Saved entries:
(* Let $n>s\ge1$ be integers. If $F_{s,k}(n)\neq 0$ for every $k\in\{1,2,\dots,n\}$, then for any two $n$-multisets $A,B$ of complex numbers, $A^{(s)}=B^{(s)}$ implies $A=B$.
   Context: An $n$-multiset is a multiset $A=\{a_1,\dots,a_n\}$ of $n$ numbers, counted with multiplicity. For $1\le s\le n$, $A^{(s)}$ denotes the multiset of the $\binom{n}{s}$ numbers $a_{i_1}+\dots+a_{i_s}$ over all $1\le i_1<\dots<i_s\le n$. For an integer $j\ge0$, $\binom{x}{j}=x(x-1)\cdots(x-j+1)/j!$ as a polynomial in $x$, and $\binom{x}{j}=0$ for $j<0$. For integers $s\ge1$, $k\ge1$, the Moser polynomial is $F_{s,k}(x)=\sum_{p=1}^{s}(-1)^{p-1}p^{k-1}\binom{x}{s-p}$; for integers $s<1$ set $F_{s,k}\equiv0$. *)

theory Defs
  imports Complex_Main "HOL-Library.Multiset"
begin

definition subset_sums :: "nat \<Rightarrow> complex list \<Rightarrow> complex multiset" where
  "subset_sums s xs =
     image_mset (\<lambda>I. \<Sum>i\<in>I. xs ! i)
       (mset_set {I. I \<subseteq> {0..<length xs} \<and> card I = s})"

definition moser :: "int \<Rightarrow> nat \<Rightarrow> real \<Rightarrow> real" where
  "moser s k x = (if s < 1 then 0 else
     (\<Sum>p = 1..nat s. (-1) ^ (p - 1) * real p ^ (k - 1) * (x gchoose (nat s - p))))"

end

theory Submission
  imports Defs "HOL-Computational_Algebra.Polynomial"
begin

text \<open>
  Let T_k(s) be the k-th power sum of A^(s), i.e. the sum of (a_I)^k over all s-subsets I of the indices,
  where a_I is the sum of the a_i with i in I, and let P_k be the k-th power sum of A. Marking a point j
  of I and moving it in or out of I gives
    s T_k(s) = sum_{q=1..s} (-1)^(q-1) sum_{|J|=s-q} sum_j (a_J + q a_j)^k,
  and expanding the inner powers binomially shows that T_k(s) - F_{s,k}(n) P_k only depends on power sums
  of degree below k. Hence if A^(s) = B^(s) and no F_{s,k}(n) vanishes, induction on k gives
  P_k(A) = P_k(B) for k <= n. By Newton's identities these power sums determine prod_{a in A} (1 + a X),
  whose roots -1/a together with |A| = n determine A.
\<close>

section \<open>Alternating sums and binomial coefficients\<close>

lemma alternating_sum_Suc_shift:
  fixes f :: "nat \<Rightarrow> 'a::comm_ring_1"
  shows "(\<Sum>q=1..Suc s. (-1) ^ (q - 1) * f q) = f 1 - (\<Sum>q=1..s. (-1) ^ (q - 1) * f (Suc q))"
proof -
  have "(\<Sum>q=1..Suc s. (-1) ^ (q - 1) * f q) = f 1 + (\<Sum>q=Suc 1..Suc s. (-1) ^ (q - 1) * f q)"
    by (subst sum.atLeast_Suc_atMost) auto
  also have "(\<Sum>q=Suc 1..Suc s. (-1) ^ (q - 1) * f q) = (\<Sum>q=1..s. (-1) ^ q * f (Suc q))"
    by (subst sum.shift_bounds_cl_Suc_ivl) simp
  also have "\<dots> = - (\<Sum>q=1..s. (-1) ^ (q - 1) * f (Suc q))"
    by (subst sum_negf[symmetric], rule sum.cong) (auto simp: power_eq_if)
  finally show ?thesis by simp
qed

#### PROBLEM TO WORK ON
Search the data above for the string "open". Report every line where it is found.

#### PROBLEM SOLUTION
text \<open>
section \<open>Alternating sums and binomial coefficients\<close>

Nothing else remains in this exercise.